Task item – Among the lines below, take the one holding "text \<open>Every learned", the one holding "thus share a", and all lines between them. Set them down exactly.

Task material –
= = = = = = =
(* Let $\mathcal{X}$ be a state space and let $C:\mathcal{X}\to U$ be the ground-truth meta-state mapping of a Meta-Causal Graph $\{\mathcal{G}_u\}_{u\in U}$ on variables $X=\{X_i\}_{i\in[p]}$, whose causal skeleton matrices satisfy $M_u\neq M_{u'}$ for all $u\neq u'$. Assume the Mixed Data Structure Learning assumption stated in the context. If the learned mapping $\hat C:\mathcal{X}\to\hat U$ satisfies $|\hat U|>|U|$, then $\hat C$ is observationally equivalent to $C$: there exists a mapping $\phi:\hat U\to U$ with $C(x)=\phi(\hat C(x))$ for all $x\in\mathcal{X}$.
   Context: A Meta-Causal Graph consists of a finite set $U$ of meta states, for each $u\in U$ a DAG $\mathcal{G}_u$ on vertex set $[p]$ with causal skeleton matrix $M_u\in\{0,1\}^{p\times p}$ ($M_u[i,j]=1$ iff $i$ is a parent of $j$ in $\mathcal{G}_u$), and a ground-truth mapping $C:\mathcal{X}\to U$; skeleton matrices of distinct meta states are distinct. Each sample $x$ is generated from $\mathcal{G}_{C(x)}$. Mixed Data Structure Learning assumption: for any dataset $\mathcal{D}$ whose samples come from the subgraphs indexed by $S_{\mathcal{D}}\subseteq U$, learning a single causal graph $\hat{\mathcal{G}}$ from $\mathcal{D}$ yields $\mathrm{Pa}_{\hat{\mathcal{G}}}(X_j)=\bigcup_{u\in S_{\mathcal{D}}}\mathrm{Pa}_{\mathcal{G}_u}(X_j)$ for all $j\in[p]$ (learned skeleton = entrywise OR of the contributing $M_u$). Learned mapping: for a candidate $\hat C:\mathcal{X}\to\hat U$, for each $\hat u$ a skeleton $\hat M_{\hat u}$ is learned from the pooled samples $\{x:\hat C(x)=\hat u\}$, and the learned mapping is one selected by the learning procedure as minimizing the expected structural complexity $\mathbb{E}_x\big[\|\hat M_{\hat C(x)}\|_1\big]$ over such mappings. Two mappings $C_1:\mathcal{X}\to U_1$, $C_2:\mathcal{X}\to U_2$ are observationally equivalent if there is a map $\phi:U_1\to U_2$ with $C_2(x)=\phi(C_1(x))$ for all $x$. *)

theory Defs
  imports Complex_Main "HOL-Library.FuncSet"
begin

text \<open>A causal skeleton matrix on vertex set [p] = {0..<p}:
  M i j = True iff i is a parent of j. Entries outside [p] are required to be False.\<close>
type_synonym skeleton = "nat \<Rightarrow> nat \<Rightarrow> bool"

definition well_formed_skel :: "nat \<Rightarrow> skeleton \<Rightarrow> bool" where
  "well_formed_skel p M \<longleftrightarrow> (\<forall>i j. M i j \<longrightarrow> i < p \<and> j < p)"

definition is_dag :: "nat \<Rightarrow> skeleton \<Rightarrow> bool" where
  "is_dag p M \<longleftrightarrow> acyclic {(i, j). i < p \<and> j < p \<and> M i j}"

definition skel_norm :: "nat \<Rightarrow> skeleton \<Rightarrow> nat" where
  "skel_norm p M = card {(i, j). i < p \<and> j < p \<and> M i j}"

definition meta_causal_graph ::
  "nat \<Rightarrow> 'u set \<Rightarrow> ('u \<Rightarrow> skeleton) \<Rightarrow> 'x set \<Rightarrow> ('x \<Rightarrow> 'u) \<Rightarrow> bool" where
  "meta_causal_graph p U M Xs C \<longleftrightarrow>
     finite U \<and>
     (\<forall>u\<in>U. well_formed_skel p (M u) \<and> is_dag p (M u)) \<and>
     (\<forall>u\<in>U. \<forall>u'\<in>U. u \<noteq> u' \<longrightarrow> M u \<noteq> M u') \<and>
     (\<forall>x\<in>Xs. C x \<in> U)"

definition mixed_data_structure_learning ::
  "nat \<Rightarrow> ('u \<Rightarrow> skeleton) \<Rightarrow> 'x set \<Rightarrow> ('x \<Rightarrow> 'u) \<Rightarrow> ('x set \<Rightarrow> skeleton) \<Rightarrow> bool" where
  "mixed_data_structure_learning p M Xs C learn \<longleftrightarrow>
     (\<forall>D. D \<subseteq> Xs \<and> D \<noteq> {} \<longrightarrow>
        (\<forall>i<p. \<forall>j<p. learn D i j \<longleftrightarrow> (\<exists>u\<in>C ` D. M u i j)))"

definition learned_skel ::
  "('x set \<Rightarrow> skeleton) \<Rightarrow> 'x set \<Rightarrow> ('x \<Rightarrow> 'v) \<Rightarrow> 'v \<Rightarrow> skeleton" where
  "learned_skel learn Xs Ch v = learn {y \<in> Xs. Ch y = v}"

definition expected_complexity ::
  "nat \<Rightarrow> ('x set \<Rightarrow> skeleton) \<Rightarrow> 'x set \<Rightarrow> ('x \<Rightarrow> real) \<Rightarrow> ('x \<Rightarrow> 'v) \<Rightarrow> real" where
  "expected_complexity p learn Xs w Ch =
     (\<Sum>x\<in>Xs. w x * real (skel_norm p (learned_skel learn Xs Ch (Ch x))))"

definition learned_mapping ::
  "nat \<Rightarrow> ('x set \<Rightarrow> skeleton) \<Rightarrow> 'x set \<Rightarrow> ('x \<Rightarrow> real) \<Rightarrow> 'v set \<Rightarrow> ('x \<Rightarrow> 'v) \<Rightarrow> bool" where
  "learned_mapping p learn Xs w Vh Ch \<longleftrightarrow>
     Ch \<in> Xs \<rightarrow> Vh \<and>
     (\<forall>Ch'. Ch' \<in> Xs \<rightarrow> Vh \<longrightarrow>
        expected_complexity p learn Xs w Ch \<le> expected_complexity p learn Xs w Ch')"

definition obs_equiv ::
  "'x set \<Rightarrow> 'a set \<Rightarrow> ('x \<Rightarrow> 'a) \<Rightarrow> 'b set \<Rightarrow> ('x \<Rightarrow> 'b) \<Rightarrow> bool" where
  "obs_equiv Xs U1 C1 U2 C2 \<longleftrightarrow> (\<exists>\<phi>. \<phi> \<in> U1 \<rightarrow> U2 \<and> (\<forall>x\<in>Xs. C2 x = \<phi> (C1 x)))"

end

theory Submission
  imports Defs
begin

text \<open>Every learned skeleton contains the true skeleton of each of its samples, so the
  expected complexity of any mapping is at least that of the ground truth C, and this bound
  is attained by g \<circ> C for any injection g of U into the learned states. A minimizer
  therefore meets the bound with equality; since all weights are positive, every learned
  skeleton equals the true skeleton of each of its samples. Samples sharing a learned state
  thus share a skeleton, hence, skeletons being distinct, a meta state, so C factors through
  the learned mapping.\<close>

definition skel_edges :: "nat \<Rightarrow> skeleton \<Rightarrow> (nat \<times> nat) set" where
  "skel_edges p M = {(i, j). i < p \<and> j < p \<and> M i j}"

lemma finite_skel_edges: "finite (skel_edges p M)"
proof (rule finite_subset)
  show "skel_edges p M \<subseteq> {..<p} \<times> {..<p}" by (auto simp: skel_edges_def)
qed simp

lemma skel_norm_eq_card_skel_edges: "skel_norm p M = card (skel_edges p M)"
  by (simp add: skel_norm_def skel_edges_def)

lemma well_formed_skel_eqI:
  assumes "well_formed_skel p M" "well_formed_skel p M'"
    and "skel_edges p M = skel_edges p M'"
  shows "M = M'"
proof (intro ext)
  fix i j
  have "M i j \<longleftrightarrow> (i, j) \<in> skel_edges p M" "M' i j \<longleftrightarrow> (i, j) \<in> skel_edges p M'"
    using assms(1,2) by (auto simp: well_formed_skel_def skel_edges_def)
  then show "M i j = M' i j" using assms(3) by simp
qed

lemma skel_edges_learned_skel:
  assumes "mixed_data_structure_learning p M Xs C learn" and "x \<in> Xs"
  shows "skel_edges p (learned_skel learn Xs Ch (Ch x)) =
    (\<Union>y\<in>{y \<in> Xs. Ch y = Ch x}. skel_edges p (M (C y)))"
proof -
  have "{y \<in> Xs. Ch y = Ch x} \<subseteq> Xs" "{y \<in> Xs. Ch y = Ch x} \<noteq> {}"
    using assms(2) by auto
  then have "\<forall>i<p. \<forall>j<p. learn {y \<in> Xs. Ch y = Ch x} i j \<longleftrightarrow>
      (\<exists>u\<in>C ` {y \<in> Xs. Ch y = Ch x}. M u i j)"
    using assms(1) unfolding mixed_data_structure_learning_def by blast
  then show ?thesis by (auto simp: skel_edges_def learned_skel_def)
qed

lemma skel_edges_subset_learned_skel:
  assumes "mixed_data_structure_learning p M Xs C learn" and "x \<in> Xs"
  shows "skel_edges p (M (C x)) \<subseteq> skel_edges p (learned_skel learn Xs Ch (Ch x))"
  using assms by (auto simp: skel_edges_learned_skel)

lemma skel_edges_learned_skel_ground_truth:
  assumes "mixed_data_structure_learning p M Xs C learn" and "x \<in> Xs"
  shows "skel_edges p (learned_skel learn Xs C (C x)) = skel_edges p (M (C x))"
  using assms by (auto simp: skel_edges_learned_skel)

lemma skel_norm_learned_skel_ground_truth_le:
  assumes "mixed_data_structure_learning p M Xs C learn" and "x \<in> Xs"
  shows "skel_norm p (learned_skel learn Xs C (C x))
    \<le> skel_norm p (learned_skel learn Xs Ch (Ch x))"
  unfolding skel_norm_eq_card_skel_edges skel_edges_learned_skel_ground_truth[OF assms]
  by (rule card_mono[OF finite_skel_edges skel_edges_subset_learned_skel[OF assms]])

lemma expected_complexity_ground_truth_le:
  assumes "mixed_data_structure_learning p M Xs C learn" and "\<forall>x\<in>Xs. w x > 0"
  shows "expected_complexity p learn Xs w C \<le> expected_complexity p learn Xs w Ch"
  unfolding expected_complexity_def
  using assms skel_norm_learned_skel_ground_truth_le[OF assms(1)]
  by (intro sum_mono) (simp add: less_imp_le)

lemma expected_complexity_comp_inj:
  assumes "inj_on g U" and "C \<in> Xs \<rightarrow> U"
  shows "expected_complexity p learn Xs w (g \<circ> C) = expected_complexity p learn Xs w C"
proof -
  have "{y \<in> Xs. g (C y) = g (C x)} = {y \<in> Xs. C y = C x}" if "x \<in> Xs" for x
    using assms that by (auto dest: inj_onD)
  then show ?thesis
    by (auto simp: expected_complexity_def learned_skel_def intro!: sum.cong)
qed

lemma sum_pos_weighted_eq_imp_eq:
  fixes f g w :: "'a \<Rightarrow> real"
  assumes "finite A" and "\<forall>x\<in>A. w x > 0" and "\<forall>x\<in>A. f x \<le> g x"
    and "(\<Sum>x\<in>A. w x * f x) = (\<Sum>x\<in>A. w x * g x)" and "x \<in> A"
  shows "f x = g x"
proof -
  have "(\<Sum>y\<in>A. w y * (g y - f y)) = (\<Sum>y\<in>A. w y * g y) - (\<Sum>y\<in>A. w y * f y)"
    by (simp add: right_diff_distrib sum_subtractf)
  then have "(\<Sum>y\<in>A. w y * (g y - f y)) = 0"
    using assms(4) by simp
  moreover have "0 \<le> w y * (g y - f y)" if "y \<in> A" for y
    using assms(2,3) that by (simp add: less_imp_le)
  ultimately have "w x * (g x - f x) = 0"
    using sum_nonneg_eq_0_iff[OF assms(1), of "\<lambda>y. w y * (g y - f y)"] assms(5) by simp
  then show ?thesis using assms(2,5) by force
qed

lemma learned_mapping_skel_edges:
  assumes mcg: "meta_causal_graph p U M Xs C"
    and mdl: "mixed_data_structure_learning p M Xs C learn"
    and "finite Xs" and w_pos: "\<forall>x\<in>Xs. w x > 0"
    and "finite Uh" and "card U \<le> card Uh"
    and learned: "learned_mapping p learn Xs w Uh Ch"
    and "x \<in> Xs"
  shows "skel_edges p (learned_skel learn Xs Ch (Ch x)) = skel_edges p (M (C x))"
proof -
  have C_Pi: "C \<in> Xs \<rightarrow> U" and "finite U"
    using mcg by (auto simp: meta_causal_graph_def)
  then obtain g where g: "g ` U \<subseteq> Uh" "inj_on g U"
    using card_le_inj[OF \<open>finite U\<close> assms(5,6)] by blast
  have "g \<circ> C \<in> Xs \<rightarrow> Uh" using g(1) C_Pi by (auto simp: Pi_iff)
  with learned
  have "expected_complexity p learn Xs w Ch \<le> expected_complexity p learn Xs w (g \<circ> C)"
    unfolding learned_mapping_def by blast
  then have "expected_complexity p learn Xs w Ch \<le> expected_complexity p learn Xs w C"
    by (simp only: expected_complexity_comp_inj[OF g(2) C_Pi])
  with expected_complexity_ground_truth_le[OF mdl w_pos]
  have "expected_complexity p learn Xs w C = expected_complexity p learn Xs w Ch"
    by (rule antisym)
  then have "real (skel_norm p (learned_skel learn Xs C (C x)))
      = real (skel_norm p (learned_skel learn Xs Ch (Ch x)))"
    by (intro sum_pos_weighted_eq_imp_eq[OF \<open>finite Xs\<close> w_pos _ _ \<open>x \<in> Xs\<close>,
          where f = "\<lambda>y. real (skel_norm p (learned_skel learn Xs C (C y)))"
            and g = "\<lambda>y. real (skel_norm p (learned_skel learn Xs Ch (Ch y)))"])
      (simp_all add: expected_complexity_def skel_norm_learned_skel_ground_truth_le[OF mdl])
  then have "card (skel_edges p (M (C x)))
      = card (skel_edges p (learned_skel learn Xs Ch (Ch x)))"
    by (simp add: skel_norm_eq_card_skel_edges
        skel_edges_learned_skel_ground_truth[OF mdl \<open>x \<in> Xs\<close>])
  with skel_edges_subset_learned_skel[OF mdl \<open>x \<in> Xs\<close>] show ?thesis
    by (intro card_subset_eq[OF finite_skel_edges, symmetric])
qed

lemma learned_mapping_separates_meta_states:
  assumes mcg: "meta_causal_graph p U M Xs C"
    and mdl: "mixed_data_structure_learning p M Xs C learn"
    and "finite Xs" and "\<forall>x\<in>Xs. w x > 0"
    and "finite Uh" and "card U \<le> card Uh"
    and "learned_mapping p learn Xs w Uh Ch"
    and "x \<in> Xs" and "y \<in> Xs" and "Ch x = Ch y"
  shows "C x = C y"
proof -
  have "skel_edges p (M (C x)) = skel_edges p (M (C y))"
    using learned_mapping_skel_edges[OF assms(1-7)] assms(8-10) by metis
  moreover have "C x \<in> U" "C y \<in> U" "\<forall>u\<in>U. well_formed_skel p (M u)"
    using mcg assms(8,9) by (auto simp: meta_causal_graph_def)
  ultimately have "M (C x) = M (C y)" by (blast intro: well_formed_skel_eqI)
  then show ?thesis
    using mcg \<open>C x \<in> U\<close> \<open>C y \<in> U\<close> by (auto simp: meta_causal_graph_def)
qed

lemma obs_equivI:
  assumes "U2 \<noteq> {}" and "C2 \<in> Xs \<rightarrow> U2"
    and "\<And>x y. x \<in> Xs \<Longrightarrow> y \<in> Xs \<Longrightarrow> C1 x = C1 y \<Longrightarrow> C2 x = C2 y"
  shows "obs_equiv Xs U1 C1 U2 C2"
proof -
  obtain u0 where "u0 \<in> U2" using assms(1) by blast
  define \<phi> where "\<phi> v = (if v \<in> C1 ` Xs then C2 (SOME x. x \<in> Xs \<and> C1 x = v) else u0)" for v
  have \<phi>_C1: "\<phi> (C1 x) = C2 x" if "x \<in> Xs" for x
  proof -
    let ?y = "SOME y. y \<in> Xs \<and> C1 y = C1 x"
    have "?y \<in> Xs \<and> C1 ?y = C1 x" by (rule someI[of _ x]) (simp add: that)
    then have "C2 ?y = C2 x" using assms(3) that by blast
    then show ?thesis using that by (simp add: \<phi>_def)
  qed
  have "\<phi> \<in> U1 \<rightarrow> U2"
    using \<open>u0 \<in> U2\<close> \<phi>_C1 assms(2) by (auto simp: \<phi>_def Pi_iff)
  with \<phi>_C1 show ?thesis unfolding obs_equiv_def by auto
qed

theorem theorem2:
  fixes p :: nat and U :: "'u set" and M :: "'u \<Rightarrow> skeleton"
    and Xs :: "'x set" and C :: "'x \<Rightarrow> 'u" and w :: "'x \<Rightarrow> real"
    and learn :: "'x set \<Rightarrow> skeleton"
    and Uh :: "'v set" and Ch :: "'x \<Rightarrow> 'v"
  assumes "meta_causal_graph p U M Xs C"
    and "U \<noteq> {}"
    and "finite Xs"
    and "\<forall>x\<in>Xs. w x > 0"
    and "(\<Sum>x\<in>Xs. w x) = 1"
    and "mixed_data_structure_learning p M Xs C learn"
    and "finite Uh"
    and "learned_mapping p learn Xs w Uh Ch"
    and "card Uh > card U"
  shows "obs_equiv Xs Uh Ch U C"
proof (rule obs_equivI)
  show "C \<in> Xs \<rightarrow> U" using assms(1) by (auto simp: meta_causal_graph_def)
  show "C x = C y" if "x \<in> Xs" "y \<in> Xs" "Ch x = Ch y" for x y
    using assms(9) that
    by (intro learned_mapping_separates_meta_states[OF assms(1,6,3,4,7) _ assms(8)]) simp_all
qed (rule assms(2))

end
= = = = = = =
Problem solution –
text \<open>Every learned skeleton contains the true skeleton of each of its samples, so the
  expected complexity of any mapping is at least that of the ground truth C, and this bound
  is attained by g \<circ> C for any injection g of U into the learned states. A minimizer
  therefore meets the bound with equality; since all weights are positive, every learned
  skeleton equals the true skeleton of each of its samples. Samples sharing a learned state
  thus share a skeleton, hence, skeletons being distinct, a meta state, so C factors through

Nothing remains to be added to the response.